E3 2012 – Transformers: Fall of Cybertron

Transformers Fall of Cybertron E3 2012
Every E3 brings at least one guilty pleasure title for me. One title I enthusiastically mention while others skeptically raise an eyebrow in my direction. This year that title was definitely High Moon Studios’ Fall of Cybertron.

Having grown up with the original Transformers series, and extended my affection later with the Beast Wars franchise, I’m incapable of resisting a title that litters its stages with characters from my childhood.

As with 2010’s War for Cybertron, there are still less than ideal design elements – I have no reason to suspect that I won’t once again find myself at odds between loving large-scale battlefields and loathing tedious grind sessions. But I’m already convinced I’ll accept less than ideal mechanics in exchange for the content. I don’t know if this makes me a bad person, just that it certainly labels me a Transformers fan – one that appreciates High Moon’s efforts to portray these characters the way they continue to within the Cybertron series.

Transformers Fall of Cybertron E3 2012
Sitting down with Activison to see more of the game during E3, my agenda largely revolved around the publisher showing me the dinobots, which worked out well given their eagerness to show off Grimlock.

Grimlock was squaring off against a group of Insecticons, apparently plagued by an inability to transform into dinosaur mode. But as a rage gauge filled, Grimlock was finally able to transform for a short period of time, during which he could spew flames, when he wasn’t crunching on enemies and snapping them in half with his massive jaws.

Given my dinobot-centric concerns, I brought up the fact that there are five dinobots in the series, and our most recent pr prior to E3 had mentioned only four, at which point I was assured that “their all in there.”

High Moon also offered a look at Starscream, who in typical fashion was doing his best to achieve his own backstabbing agenda, as well as Jazz from the Autobot side, who had stumbled upon one of the last reserves of energon on the planet.

The completely over-the-top bit on display was saved for Optimus Prime, who had the ability to direct attacks from Metroplex – the city sized transformer that shook the ground while walking alongside the player.

So what is it exactly that makes the title important to me? Fair question.

Fall of Cybertron continues to raise the intensity of the narrative, bringing to life characters for battles I spent hours staging with the toys as a child – watching those battles play out in cinematic sequences and then finding myself able to direct part of the action makes me infinitely warm and nostalgic. It’s also important that, for a game about giant robots locked in battle, the chaos created convinces me of authenticity.
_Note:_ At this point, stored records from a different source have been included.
(* Let $\lambda,\mu\in P^+$ and let $X\subseteq\mathcal{B}(\lambda)$, $Y\subseteq\mathcal{B}(\mu)$ be extremal subsets. Then $X\otimes Y$ is an extremal subset of $\mathcal{B}(\lambda)\otimes\mathcal{B}(\mu)$ if and only if there is no $i\in I$ and no $x\otimes y\in X\otimes Y$ which is a broken $i$-hinge, i.e. such that $\varepsilon_i(x)>0$, $\varphi_i(x)=0$, $\varepsilon_i(y)=0$, $\varphi_i(y)>0$, and $f_i(y)\notin Y$.
   Context: $\mathfrak g$ is a complex semisimple Lie algebra with Dynkin index set $I$ and dominant weights $P^+$. For $\lambda\in P^+$, $\mathcal{B}(\lambda)$ is Kashiwara's crystal of the irreducible module of highest weight $\lambda$, with operators $e_i,f_i:\mathcal{B}(\lambda)\to\mathcal{B}(\lambda)\sqcup\{0\}$, $\varepsilon_i(b)=\max\{k:e_i^k(b)\ne0\}$, $\varphi_i(b)=\max\{k:f_i^k(b)\ne0\}$. The tensor product crystal $\mathcal{B}(\lambda)\otimes\mathcal{B}(\mu)$ has $e_i(b_1\otimes b_2)=e_i(b_1)\otimes b_2$ if $\varepsilon_i(b_2)\le\varphi_i(b_1)$, else $b_1\otimes e_i(b_2)$; $f_i(b_1\otimes b_2)=f_i(b_1)\otimes b_2$ if $\varepsilon_i(b_2)<\varphi_i(b_1)$, else $b_1\otimes f_i(b_2)$. An $i$-string is a connected component of the graph with edges $b\to f_i(b)$. A subset $X$ of a crystal $\mathcal{B}$ is extremal if $X$ is nonempty and for every $i\in I$ and every $i$-string $S$ of $\mathcal{B}$, $S\cap X$ is $\varnothing$, $S$, or $\{b\}$ with $b\in S$, $e_i(b)=0$. *)

theory Defs
  imports Main
begin

(* A crystal is given by a carrier set B and Kashiwara operators
   e i, f i :: 'b => 'b option  (None plays the role of 0). *)

definition iter_op :: "('b \<Rightarrow> 'b option) \<Rightarrow> nat \<Rightarrow> 'b \<Rightarrow> 'b option" where
  "iter_op g k b = ((\<lambda>x. Option.bind x g) ^^ k) (Some b)"

definition eps :: "('i \<Rightarrow> 'b \<Rightarrow> 'b option) \<Rightarrow> 'i \<Rightarrow> 'b \<Rightarrow> nat" where
  "eps e i b = (GREATEST k. iter_op (e i) k b \<noteq> None)"

definition phi :: "('i \<Rightarrow> 'b \<Rightarrow> 'b option) \<Rightarrow> 'i \<Rightarrow> 'b \<Rightarrow> nat" where
  "phi f i b = (GREATEST k. iter_op (f i) k b \<noteq> None)"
It’s absolutely ridiculous for me to suggest that this is what it would look like if giant robots started fighting, but when I’m playing rather than thinking, the battlefield grabs hold and sucks me in nearly every time as these familiar characters fight over a planet that is being decimated by that battle.

I wouldn’t want to speak to the appeal for gamers not invested in the Transformers franchise already, particularly those not in my own age bracket. There’s a competent game beneath the nostalgia, but nothing that could rival the triple A efforts of other publishers toward the end of this year and into the next. I can only tell you that, as a fan, I continue to appreciate the effort to create a title aside from tie-ins to the films and newer cartoons, and that stirring childhood memories remains my primary reason for checking out the game when it releases this August 28th for the 360, PlayStation 3, and PC.